→ Problem details:
Return, from the material below, each line in which the word "open" is present.
*** Exercise data Section Begins ***
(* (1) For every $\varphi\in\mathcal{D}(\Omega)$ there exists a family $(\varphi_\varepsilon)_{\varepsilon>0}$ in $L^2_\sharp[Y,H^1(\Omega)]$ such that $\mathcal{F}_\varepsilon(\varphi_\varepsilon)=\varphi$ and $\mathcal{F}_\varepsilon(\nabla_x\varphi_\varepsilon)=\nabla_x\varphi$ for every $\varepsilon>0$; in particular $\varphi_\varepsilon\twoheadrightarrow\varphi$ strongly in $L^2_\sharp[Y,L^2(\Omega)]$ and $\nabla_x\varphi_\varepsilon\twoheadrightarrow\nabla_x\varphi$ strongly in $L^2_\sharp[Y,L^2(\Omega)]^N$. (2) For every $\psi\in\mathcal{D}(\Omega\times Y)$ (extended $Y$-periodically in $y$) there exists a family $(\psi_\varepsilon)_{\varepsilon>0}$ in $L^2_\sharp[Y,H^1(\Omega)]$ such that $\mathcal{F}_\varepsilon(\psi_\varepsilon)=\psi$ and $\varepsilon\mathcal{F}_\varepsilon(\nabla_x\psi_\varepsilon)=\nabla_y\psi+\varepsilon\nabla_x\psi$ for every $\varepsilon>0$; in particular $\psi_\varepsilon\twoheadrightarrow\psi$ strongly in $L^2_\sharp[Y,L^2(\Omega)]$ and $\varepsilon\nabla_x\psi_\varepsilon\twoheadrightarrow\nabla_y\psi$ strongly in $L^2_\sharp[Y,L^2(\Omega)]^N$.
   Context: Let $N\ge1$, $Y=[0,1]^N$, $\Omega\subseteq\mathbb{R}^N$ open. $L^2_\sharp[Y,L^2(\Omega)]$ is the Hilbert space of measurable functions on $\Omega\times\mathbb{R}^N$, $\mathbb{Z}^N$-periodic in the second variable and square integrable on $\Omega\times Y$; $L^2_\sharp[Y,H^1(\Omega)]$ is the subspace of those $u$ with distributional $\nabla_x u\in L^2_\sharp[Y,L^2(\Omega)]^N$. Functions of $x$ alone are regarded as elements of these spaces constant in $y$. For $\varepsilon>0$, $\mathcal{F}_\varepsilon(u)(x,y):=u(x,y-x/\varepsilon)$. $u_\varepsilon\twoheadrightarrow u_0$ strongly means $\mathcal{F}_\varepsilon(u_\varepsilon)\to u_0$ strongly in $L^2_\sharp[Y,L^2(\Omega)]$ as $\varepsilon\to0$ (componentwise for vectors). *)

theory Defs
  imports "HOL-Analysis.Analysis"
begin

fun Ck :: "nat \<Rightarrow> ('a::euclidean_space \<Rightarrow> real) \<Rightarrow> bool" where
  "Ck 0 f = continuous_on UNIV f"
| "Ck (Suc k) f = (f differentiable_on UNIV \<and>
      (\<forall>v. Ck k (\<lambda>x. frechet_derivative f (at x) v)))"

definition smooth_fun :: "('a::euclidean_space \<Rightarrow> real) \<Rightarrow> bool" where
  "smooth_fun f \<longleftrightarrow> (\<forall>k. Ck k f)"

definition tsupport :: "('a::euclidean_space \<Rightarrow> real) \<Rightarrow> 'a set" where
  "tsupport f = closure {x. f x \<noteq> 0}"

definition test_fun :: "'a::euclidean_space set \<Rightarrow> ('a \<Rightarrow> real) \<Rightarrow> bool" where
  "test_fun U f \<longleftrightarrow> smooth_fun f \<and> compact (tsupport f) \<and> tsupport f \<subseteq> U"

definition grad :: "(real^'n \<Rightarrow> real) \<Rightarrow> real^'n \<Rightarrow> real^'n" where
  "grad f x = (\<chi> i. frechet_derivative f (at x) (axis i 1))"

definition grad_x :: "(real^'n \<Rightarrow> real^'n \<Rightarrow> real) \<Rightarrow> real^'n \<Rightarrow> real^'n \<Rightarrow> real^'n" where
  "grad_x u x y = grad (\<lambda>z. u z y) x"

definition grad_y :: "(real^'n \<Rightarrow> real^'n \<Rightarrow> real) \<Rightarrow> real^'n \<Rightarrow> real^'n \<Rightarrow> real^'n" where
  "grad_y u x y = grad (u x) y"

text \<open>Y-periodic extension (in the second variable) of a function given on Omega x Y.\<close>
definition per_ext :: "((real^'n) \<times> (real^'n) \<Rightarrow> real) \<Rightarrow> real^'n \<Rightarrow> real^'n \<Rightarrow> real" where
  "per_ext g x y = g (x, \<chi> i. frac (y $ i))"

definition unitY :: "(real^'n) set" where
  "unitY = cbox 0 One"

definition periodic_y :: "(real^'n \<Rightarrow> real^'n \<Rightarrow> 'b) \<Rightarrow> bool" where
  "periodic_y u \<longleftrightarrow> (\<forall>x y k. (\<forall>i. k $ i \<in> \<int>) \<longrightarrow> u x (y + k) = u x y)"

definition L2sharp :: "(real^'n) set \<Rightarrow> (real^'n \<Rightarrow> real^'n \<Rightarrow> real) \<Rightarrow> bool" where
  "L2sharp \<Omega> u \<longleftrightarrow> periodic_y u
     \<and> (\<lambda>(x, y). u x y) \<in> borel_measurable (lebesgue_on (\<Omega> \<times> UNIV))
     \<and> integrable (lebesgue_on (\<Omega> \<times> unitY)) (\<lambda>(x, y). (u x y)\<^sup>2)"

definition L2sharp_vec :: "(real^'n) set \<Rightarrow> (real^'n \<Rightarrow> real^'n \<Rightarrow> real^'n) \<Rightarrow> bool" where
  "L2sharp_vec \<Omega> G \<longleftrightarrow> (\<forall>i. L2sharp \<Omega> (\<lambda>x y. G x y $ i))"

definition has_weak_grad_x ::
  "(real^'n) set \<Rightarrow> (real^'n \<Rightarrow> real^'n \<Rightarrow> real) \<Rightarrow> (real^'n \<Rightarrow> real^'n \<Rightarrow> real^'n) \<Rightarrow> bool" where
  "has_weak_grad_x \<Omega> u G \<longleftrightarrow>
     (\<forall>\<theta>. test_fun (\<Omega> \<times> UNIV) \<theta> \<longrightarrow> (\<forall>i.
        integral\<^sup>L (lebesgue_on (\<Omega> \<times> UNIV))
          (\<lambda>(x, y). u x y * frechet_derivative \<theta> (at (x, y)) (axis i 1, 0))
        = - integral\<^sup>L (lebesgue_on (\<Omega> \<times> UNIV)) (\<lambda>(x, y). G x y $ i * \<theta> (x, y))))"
*** Exercise data Section Ends ***
→ Task response:
   Context: Let $N\ge1$, $Y=[0,1]^N$, $\Omega\subseteq\mathbb{R}^N$ open. $L^2_\sharp[Y,L^2(\Omega)]$ is the Hilbert space of measurable functions on $\Omega\times\mathbb{R}^N$, $\mathbb{Z}^N$-periodic in the second variable and square integrable on $\Omega\times Y$; $L^2_\sharp[Y,H^1(\Omega)]$ is the subspace of those $u$ with distributional $\nabla_x u\in L^2_\sharp[Y,L^2(\Omega)]^N$. Functions of $x$ alone are regarded as elements of these spaces constant in $y$. For $\varepsilon>0$, $\mathcal{F}_\varepsilon(u)(x,y):=u(x,y-x/\varepsilon)$. $u_\varepsilon\twoheadrightarrow u_0$ strongly means $\mathcal{F}_\varepsilon(u_\varepsilon)\to u_0$ strongly in $L^2_\sharp[Y,L^2(\Omega)]$ as $\varepsilon\to0$ (componentwise for vectors). *)
text \<open>Y-periodic extension (in the second variable) of a function given on Omega x Y.\<close>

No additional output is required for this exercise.